**Exercise requirements**: Each line from the one containing "using assms(3) by (simp_all add: q_def)" to the end of the entries below must be restated exactly, and no other line should appear.

**Supplied records**:

lemma lq_norm_nonneg: "finite V \<Longrightarrow> 0 \<le> lq_norm V m q \<phi>"
  unfolding lq_norm_def by (auto intro: Max_ge)

lemma ereal_ge_1_cases:
  fixes q :: ereal
  assumes "1 \<le> q"
  obtains "q = \<infinity>" | r where "q = ereal r" and "1 \<le> r"
  using assms by (cases q) auto

lemma sup_norm_le:
  fixes K :: real
  assumes "finite V" and "0 \<le> K" and "\<And>v. v \<in> V \<Longrightarrow> \<bar>\<phi> v\<bar> \<le> K"
  shows "lq_norm V m \<infinity> \<phi> \<le> K"
  unfolding lq_norm_def using assms by simp

lemma sup_norm_ge: "finite V \<Longrightarrow> v \<in> V \<Longrightarrow> \<bar>\<phi> v\<bar> \<le> lq_norm V m \<infinity> \<phi>"
  unfolding lq_norm_def by simp

lemma lq_norm_scale:
  assumes "finite V" and "1 \<le> q"
  shows "lq_norm V m q (\<lambda>v. c * \<phi> v) = \<bar>c\<bar> * lq_norm V m q \<phi>"
  using assms(2)
proof (cases rule: ereal_ge_1_cases)
  case 1
  have "lq_norm V m \<infinity> (\<lambda>v. c * \<phi> v) \<le> \<bar>c\<bar> * lq_norm V m \<infinity> \<phi>"
    using assms(1) by (intro sup_norm_le) (auto simp: abs_mult lq_norm_nonneg intro: mult_left_mono sup_norm_ge)
  moreover have "\<bar>c\<bar> * lq_norm V m \<infinity> \<phi> \<le> lq_norm V m \<infinity> (\<lambda>v. c * \<phi> v)"
  proof (cases "c = 0")
    case False
    have "lq_norm V m \<infinity> \<phi> \<le> lq_norm V m \<infinity> (\<lambda>v. c * \<phi> v) / \<bar>c\<bar>"
      using assms(1) False sup_norm_ge[OF assms(1), of _ "\<lambda>v. c * \<phi> v"]
      by (intro sup_norm_le) (auto simp: abs_mult field_simps lq_norm_nonneg)
    then show ?thesis using False by (simp add: field_simps)
  qed (simp add: lq_norm_nonneg assms(1))
  ultimately show ?thesis using 1 by simp
next
  case (2 r)
  have "(\<Sum>v\<in>V. m v * \<bar>c * \<phi> v\<bar> powr r) = \<bar>c\<bar> powr r * (\<Sum>v\<in>V. m v * \<bar>\<phi> v\<bar> powr r)"
    by (simp add: abs_mult powr_mult sum_distrib_left mult.left_commute)
  moreover have "(\<bar>c\<bar> powr r * S) powr (1 / r) = \<bar>c\<bar> * S powr (1 / r)" for S
    using 2 by (simp add: powr_mult powr_powr)
  ultimately show ?thesis unfolding lq_norm_def using 2 by simp
qed

lemma convex_powr_combination:
  fixes x y l r :: real
  assumes "0 \<le> x" "0 \<le> y" "0 \<le> l" "l \<le> 1" "1 \<le> r"
  shows "(l * x + (1 - l) * y) powr r \<le> l * x powr r + (1 - l) * y powr r"
proof (cases "x = 0 \<or> y = 0")
  case True
  have scaled: "(t * z) powr r \<le> t * z powr r" if "0 \<le> z" "0 \<le> t" "t \<le> 1" for z t :: real
  proof (cases "t = 0")
    case False
    then have "t powr r \<le> t" using powr_le_one_le[of t r] that assms(5) by simp
    then show ?thesis using that by (simp add: powr_mult mult_right_mono)
  qed simp
  from True show ?thesis
    using scaled[of y "1 - l"] scaled[of x l] assms by auto
next
  case False
  then have "0 < x" "0 < y" using assms by auto
  then show ?thesis using convex_onD[OF powr_convex[OF assms(5)], of "1 - l" x y] assms
    by (simp add: algebra_simps)
qed
lemma fds_wsummable_suminf:
  fixes b :: "nat \<Rightarrow> 'a::banach fds"
  assumes w: "is_weight w" and b: "\<And>j. fds_wsummable w (b j)"
    and sum: "summable (\<lambda>j. fds_wnorm w (b j))"
  shows "fds_wsummable w (fds_suminf b)"
  unfolding fds_wsummable_def
proof (rule bounded_imp_summable)
  show "0 \<le> norm (fds_nth (fds_suminf b) n) * w n" for n
    by (rule fds_wterm_nonneg[OF w])
  have norm_b: "summable (\<lambda>j. norm (fds_nth (b j) n))" for n
    by (rule summable_norm_fds_nth[OF w b sum])
  fix M
  have "(\<Sum>n\<le>M. norm (fds_nth (fds_suminf b) n) * w n) \<le> (\<Sum>n\<le>M. \<Sum>j. norm (fds_nth (b j) n) * w n)"
  proof (rule sum_mono)
    fix n
    show "norm (fds_nth (fds_suminf b) n) * w n \<le> (\<Sum>j. norm (fds_nth (b j) n) * w n)"
    proof (cases "n = 0")
      case False
      then have "norm (fds_nth (fds_suminf b) n) * w n \<le> (\<Sum>j. norm (fds_nth (b j) n)) * w n"
        unfolding fds_nth_suminf using weight_ge_1[OF w, of n]
        by (intro mult_right_mono summable_norm norm_b) auto
      then show ?thesis
        by (simp add: suminf_mult2[OF norm_b])
    qed simp
  qed
  also have "\<dots> = (\<Sum>j. \<Sum>n\<le>M. norm (fds_nth (b j) n) * w n)"
    by (rule suminf_sum[symmetric]) (rule summable_mult2[OF norm_b])
  also have "\<dots> \<le> (\<Sum>j. fds_wnorm w (b j))"
  proof (rule suminf_le)
    show le: "(\<Sum>n\<le>M. norm (fds_nth (b j) n) * w n) \<le> fds_wnorm w (b j)" for j
      using b[of j] unfolding fds_wnorm_def fds_wsummable_def
      by (intro sum_le_suminf) (auto simp: fds_wterm_nonneg[OF w])
    have "0 \<le> (\<Sum>n\<le>M. norm (fds_nth (b j) n) * w n)" for j
      by (intro sum_nonneg fds_wterm_nonneg[OF w])
    then show "summable (\<lambda>j. \<Sum>n\<le>M. norm (fds_nth (b j) n) * w n)"
      by (intro summable_comparison_test'[OF sum, of 0]) (use le in auto)
  qed (rule sum)
  finally show "(\<Sum>n\<le>M. norm (fds_nth (fds_suminf b) n) * w n) \<le> (\<Sum>j. fds_wnorm w (b j))" .
qed

lemma fds_mult_suminf:
  fixes a :: "'a::{real_normed_algebra_1,comm_ring_1} fds"
  assumes "\<And>n. summable (\<lambda>j. fds_nth (b j) n)"
  shows "a * fds_suminf b = fds_suminf (\<lambda>j. a * b j)"
proof (rule fds_eqI)
  fix n :: nat
  assume "0 < n"
  have "fds_nth (a * fds_suminf b) n = (\<Sum>(d, e)\<in>divisor_pairs n. \<Sum>j. fds_nth a d * fds_nth (b j) e)"
    unfolding fds_nth_mult dirichlet_conv_def fds_nth_suminf
    by (simp add: case_prod_beta suminf_mult[OF assms])
  also have "\<dots> = (\<Sum>j. \<Sum>(d, e)\<in>divisor_pairs n. fds_nth a d * fds_nth (b j) e)"
    using assms by (subst suminf_sum) (auto simp: case_prod_beta intro: summable_mult)
  also have "\<dots> = fds_nth (fds_suminf (\<lambda>j. a * b j)) n"
    by (simp add: fds_nth_suminf fds_nth_mult dirichlet_conv_def)
  finally show "fds_nth (a * fds_suminf b) n = fds_nth (fds_suminf (\<lambda>j. a * b j)) n" .
qed

lemma
  fixes R :: "'a::{real_normed_algebra_1,comm_ring_1,banach} fds"
  assumes w: "is_weight w" and R: "fds_wsummable w R"
    and sum: "summable (\<lambda>j. fds_wnorm w (R ^ j))"
  shows fds_wsummable_neumann_series: "fds_wsummable w (fds_suminf (\<lambda>j. R ^ j))"
    and fds_neumann_series_inverse: "(1 - R) * fds_suminf (\<lambda>j. R ^ j) = 1"
proof -
  have powers: "fds_wsummable w (R ^ j)" for j
    by (rule fds_wsummable_power[OF w R])
  show "fds_wsummable w (fds_suminf (\<lambda>j. R ^ j))"
    by (rule fds_wsummable_suminf[OF w powers sum])
  have summable: "summable (\<lambda>j. fds_nth (R ^ j) n)" for n
    by (rule summable_norm_cancel, rule summable_norm_fds_nth[OF w powers sum])
  have "R * fds_suminf (\<lambda>j. R ^ j) = fds_suminf (\<lambda>j. R ^ Suc j)"
    by (simp add: fds_mult_suminf[OF summable])
  moreover have "fds_suminf (\<lambda>j. R ^ j) - fds_suminf (\<lambda>j. R ^ Suc j) = 1"
    by (rule fds_eqI)
       (simp add: fds_nth_suminf suminf_split_head[OF summable] fds_nth_one del: power_Suc)
  ultimately show "(1 - R) * fds_suminf (\<lambda>j. R ^ j) = 1"
    by (simp add: algebra_simps)
qed

lemma fds_wsummable_inverse_one_minus:
  fixes R :: "'a::{real_normed_algebra_1,comm_ring_1,banach} fds"
  assumes adm: "admissible_weight w" and R: "fds_wsummable w R" and "fds_wnorm (\<lambda>_. 1) R < 1"
  obtains S where "fds_wsummable w S" "(1 - R) * S = 1"
proof -
  have w: "is_weight w"
    using adm by (simp add: admissible_weight_def)
  define q where "q = (1 + fds_wnorm (\<lambda>_. 1) R) / 2"
  have q: "fds_wnorm (\<lambda>_. 1) R < q" "q < 1"
    using assms(3) by (simp_all add: q_def)
  have "0 \<le> q"
    using q fds_wnorm_nonneg[OF is_weight_1 fds_wsummable_unweighted[OF w R]] by linarith
  obtain C where C: "\<And>j. fds_wnorm w (R ^ j) \<le> C * q ^ j"
    using fds_power_bounded_if_unweighted_less[OF adm R q(1)] by (auto simp: fds_power_bounded_def)
  have le: "norm (fds_wnorm w (R ^ j)) \<le> C * q ^ j" for j
    using C[of j] fds_wnorm_nonneg[OF w fds_wsummable_power[OF w R]] by simp
  have "summable (\<lambda>j. C * q ^ j)"
    using \<open>0 \<le> q\<close> q(2) by (intro summable_mult summable_geometric) simp
  then have "summable (\<lambda>j. fds_wnorm w (R ^ j))"
    by (rule summable_comparison_test'[where N = 0]) (rule le)
  then show ?thesis
    using that fds_wsummable_neumann_series[OF w R] fds_neumann_series_inverse[OF w R] by blast
qed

**Answer to the problem**:
    using assms(3) by (simp_all add: q_def)
  have "0 \<le> q"
    using q fds_wnorm_nonneg[OF is_weight_1 fds_wsummable_unweighted[OF w R]] by linarith
  obtain C where C: "\<And>j. fds_wnorm w (R ^ j) \<le> C * q ^ j"
    using fds_power_bounded_if_unweighted_less[OF adm R q(1)] by (auto simp: fds_power_bounded_def)
  have le: "norm (fds_wnorm w (R ^ j)) \<le> C * q ^ j" for j
    using C[of j] fds_wnorm_nonneg[OF w fds_wsummable_power[OF w R]] by simp
  have "summable (\<lambda>j. C * q ^ j)"
    using \<open>0 \<le> q\<close> q(2) by (intro summable_mult summable_geometric) simp
  then have "summable (\<lambda>j. fds_wnorm w (R ^ j))"
    by (rule summable_comparison_test'[where N = 0]) (rule le)
  then show ?thesis
    using that fds_wsummable_neumann_series[OF w R] fds_neumann_series_inverse[OF w R] by blast
qed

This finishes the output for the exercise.